A 130nW BJT-based Temperature Sensor with a Dual-Mode Front-End

Abstract

In this thesis, a low-power, high-accuracy BJT-based temperature sensor is proposed, which consists of two main parts: a BJT-based dual-mode front-end (DMFE) and a tracking Delta-Sigma-Modulator (DSM). The front-end employs vertical PNP transistors, which, compared to NPNs, exhibit fewer non-idealities when biased at nA-level currents. The proposed DMFE generates accurate proportional-to-absolute-temperature (PTAT) and complementary-to-absolute-temperature (CTAT) voltages, while only consuming half the power of a conventional front-end.
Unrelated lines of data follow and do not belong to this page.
(* Let $Q$ be a finite quiver without loops or oriented 2-cycles, with vertices labelled $1,\dots,n$, of which $1,\dots,m$ are mutable. Then the cluster algebra associated to $Q$ can be quantized: there exists a quiver $Q'$ containing $Q$ as a full subquiver, whose principal part (full subquiver on the mutable vertices) coincides with that of $Q$, together with a skew-symmetric integer matrix $\Lambda$ compatible with $Q'$.
   Context: For a quiver with vertices $1,\dots,N$ of which $1,\dots,m$ are mutable and the rest frozen, let $a_{ij}$ be the number of arrows from $i$ to $j$ and $\tilde B$ the $N\times m$ matrix with $b_{ij}=a_{ji}-a_{ij}$. A skew-symmetric $N\times N$ integer matrix $\Lambda$ is compatible with the quiver if $\tilde B^T\Lambda=\tilde I$, where $\tilde I$ is the $m\times N$ matrix whose first $m$ columns form the identity $I_m$ and whose other columns are zero. In $Q'$ the added vertices are frozen. *)

theory Defs
  imports Main
begin

text \<open>A quiver on vertices 1..N is given by arrow counts a i j (number of arrows i to j);
  values outside 1..N are irrelevant.\<close>

definition no_loops_no_2cycles :: "nat \<Rightarrow> (nat \<Rightarrow> nat \<Rightarrow> nat) \<Rightarrow> bool" where
  "no_loops_no_2cycles N a \<longleftrightarrow>
     (\<forall>i\<in>{1..N}. a i i = 0) \<and> (\<forall>i\<in>{1..N}. \<forall>j\<in>{1..N}. a i j = 0 \<or> a j i = 0)"

definition bmat :: "(nat \<Rightarrow> nat \<Rightarrow> nat) \<Rightarrow> nat \<Rightarrow> nat \<Rightarrow> int" where
  "bmat a i j = int (a j i) - int (a i j)"

definition skew_symmetric_on :: "nat \<Rightarrow> (nat \<Rightarrow> nat \<Rightarrow> int) \<Rightarrow> bool" where
  "skew_symmetric_on N L \<longleftrightarrow> (\<forall>i\<in>{1..N}. \<forall>j\<in>{1..N}. L j i = - L i j)"

text \<open>Compatibility: B~^T Lambda = I~ where B~ is the N x m matrix and I~ the m x N matrix
  (identity in the first m columns, zero elsewhere).\<close>
definition compatible :: "nat \<Rightarrow> nat \<Rightarrow> (nat \<Rightarrow> nat \<Rightarrow> nat) \<Rightarrow> (nat \<Rightarrow> nat \<Rightarrow> int) \<Rightarrow> bool" where
  "compatible N m a L \<longleftrightarrow> skew_symmetric_on N L \<and>
     (\<forall>j\<in>{1..m}. \<forall>k\<in>{1..N}.
        (\<Sum>i=1..N. bmat a i j * L i k) = (if k \<le> m \<and> k = j then 1 else 0))"

end

theory Submission
  imports Defs
begin

text \<open>Attach to every mutable vertex \<open>j\<close> a new frozen vertex \<open>n + j\<close> with a single arrow
  \<open>n + j \<rightarrow> j\<close>. The mutable columns of the extended exchange matrix then acquire a block \<open>-I\<^sub>m\<close>
  below \<open>B\<close>, and the skew-symmetric matrix with blocks \<open>0\<close>, \<open>E\<close> in the first \<open>n\<close> rows and
  \<open>-E\<^sup>T\<close>, \<open>-B\<^sub>m\<^sub>m\<close> in the last \<open>m\<close> rows (\<open>E\<close> the \<open>n \<times> m\<close> matrix with ones on the diagonal,
  \<open>B\<^sub>m\<^sub>m\<close> the principal part) is compatible: in column \<open>j\<close> the \<open>-I\<^sub>m\<close> block produces the
  identity against the first \<open>n\<close> columns of \<open>\<Lambda>\<close>, and against the last \<open>m\<close> columns the
  contributions of \<open>B\<close> and of \<open>-I\<^sub>m\<close> cancel.\<close>

definition framed_quiver :: "nat \<Rightarrow> nat \<Rightarrow> (nat \<Rightarrow> nat \<Rightarrow> nat) \<Rightarrow> nat \<Rightarrow> nat \<Rightarrow> nat" where
  "framed_quiver n m a i j =
     (if i \<le> n \<and> j \<le> n then a i j
      else if n < i \<and> i \<le> n + m \<and> j = i - n then 1 else 0)"

definition framed_Lambda :: "nat \<Rightarrow> (nat \<Rightarrow> nat \<Rightarrow> nat) \<Rightarrow> nat \<Rightarrow> nat \<Rightarrow> int" where
  "framed_Lambda n a i k =
     (if i \<le> n \<and> k \<le> n then 0
      else if i \<le> n then (if k = n + i then 1 else 0)
      else if k \<le> n then (if i = n + k then -1 else 0)
      else - bmat a (i - n) (k - n))"

lemma framed_quiver_restrict:
  "i \<le> n \<Longrightarrow> j \<le> n \<Longrightarrow> framed_quiver n m a i j = a i j"
  by (simp add: framed_quiver_def)

lemma no_loops_no_2cycles_framed_quiver:
  assumes "no_loops_no_2cycles n a" "m \<le> n"
  shows "no_loops_no_2cycles (n + m) (framed_quiver n m a)"
  using assms unfolding no_loops_no_2cycles_def framed_quiver_def by auto

lemma skew_symmetric_framed_Lambda: "skew_symmetric_on N (framed_Lambda n a)"
  unfolding skew_symmetric_on_def framed_Lambda_def bmat_def by auto

lemma bmat_framed_quiver_old:
  "i \<le> n \<Longrightarrow> j \<le> n \<Longrightarrow> bmat (framed_quiver n m a) i j = bmat a i j"
  by (simp add: bmat_def framed_quiver_def)

lemma bmat_framed_quiver_new:
  assumes "n < i" "j \<in> {1..m}" "m \<le> n"
  shows "bmat (framed_quiver n m a) i j = (if i = n + j then -1 else 0)"
  using assms by (auto simp: bmat_def framed_quiver_def)

lemma framed_column_product:
  assumes "j \<in> {1..m}" "m \<le> n"
  shows "(\<Sum>i=1..n+m. bmat (framed_quiver n m a) i j * L i k)
           = (\<Sum>i=1..n. bmat a i j * L i k) - L (n + j) k"
proof -
  let ?b' = "bmat (framed_quiver n m a)"
  have "(\<Sum>i=1..n+m. ?b' i j * L i k) = (\<Sum>i=1..n. ?b' i j * L i k) + (\<Sum>i=n+1..n+m. ?b' i j * L i k)"
    by (rule sum.ub_add_nat) simp
  also have "(\<Sum>i=1..n. ?b' i j * L i k) = (\<Sum>i=1..n. bmat a i j * L i k)"
    using assms by (intro sum.cong) (auto simp: bmat_framed_quiver_old)
  also have "(\<Sum>i=n+1..n+m. ?b' i j * L i k) = (\<Sum>i=n+1..n+m. if i = n + j then - L i k else 0)"
    using assms by (intro sum.cong) (auto simp: bmat_framed_quiver_new)
  also have "\<dots> = - L (n + j) k"
    using assms by simp
  finally show ?thesis by simp
qed

lemma compatible_framed:
  assumes "m \<le> n"
  shows "compatible (n + m) m (framed_quiver n m a) (framed_Lambda n a)"
  unfolding compatible_def
proof (intro conjI skew_symmetric_framed_Lambda ballI)
  fix j k assume j: "j \<in> {1..m}" and k: "k \<in> {1..n+m}"
  let ?L = "framed_Lambda n a"
  show "(\<Sum>i=1..n+m. bmat (framed_quiver n m a) i j * ?L i k) = (if k \<le> m \<and> k = j then 1 else 0)"
  proof (cases "k \<le> n")
    case True
    have "(\<Sum>i=1..n. bmat a i j * ?L i k) = 0"
      using True by (intro sum.neutral) (simp add: framed_Lambda_def)
    with True j show ?thesis
      unfolding framed_column_product[OF j assms] by (simp add: framed_Lambda_def)
  next
    case False
    define p where "p = k - n"
    have p: "k = n + p" "p \<in> {1..m}"
      using False k by (auto simp: p_def)
    have "(\<Sum>i=1..n. bmat a i j * ?L i k) = (\<Sum>i=1..n. if i = p then bmat a p j else 0)"
      using p by (intro sum.cong) (auto simp: framed_Lambda_def)
    also have "\<dots> = bmat a p j"
      using p assms by simp
    finally show ?thesis
      using p j assms unfolding framed_column_product[OF j assms] by (simp add: framed_Lambda_def bmat_def)
  qed
qed

theorem lemma4p4:
  fixes n m :: nat and a :: "nat \<Rightarrow> nat \<Rightarrow> nat"
  assumes "m \<le> n"
    and "no_loops_no_2cycles n a"
  shows "\<exists>N' a' L. n \<le> N' \<and> no_loops_no_2cycles N' a'
           \<and> (\<forall>i\<in>{1..n}. \<forall>j\<in>{1..n}. a' i j = a i j)
           \<and> compatible N' m a' L"
proof (intro exI conjI)
  show "n \<le> n + m" by simp
  show "no_loops_no_2cycles (n + m) (framed_quiver n m a)"
    using assms(2,1) by (rule no_loops_no_2cycles_framed_quiver)
  show "\<forall>i\<in>{1..n}. \<forall>j\<in>{1..n}. framed_quiver n m a i j = a i j"
    by (simp add: framed_quiver_restrict)
  show "compatible (n + m) m (framed_quiver n m a) (framed_Lambda n a)"
    using assms(1) by (rule compatible_framed)
qed

end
The temperature dependent ratio of these voltages is then digitized by an energy-efficient tracking DSM. The prototype sensor was fabricated in a 0.18µm CMOS process and has an active area of 0.228mm2. Measurement results show that the sensor achieves an inaccuracy of ±0.15°C (3σ) over the industrial temperature range (-45°C to 85°C) after 1-point temperature calibration, which corresponds to a relative inaccuracy of 0.3%. It also achieves a 32mK resolution in 100ms, while consuming only 130nW. Its low power consumption, accuracy, and resolution make it suitable for IoT applications.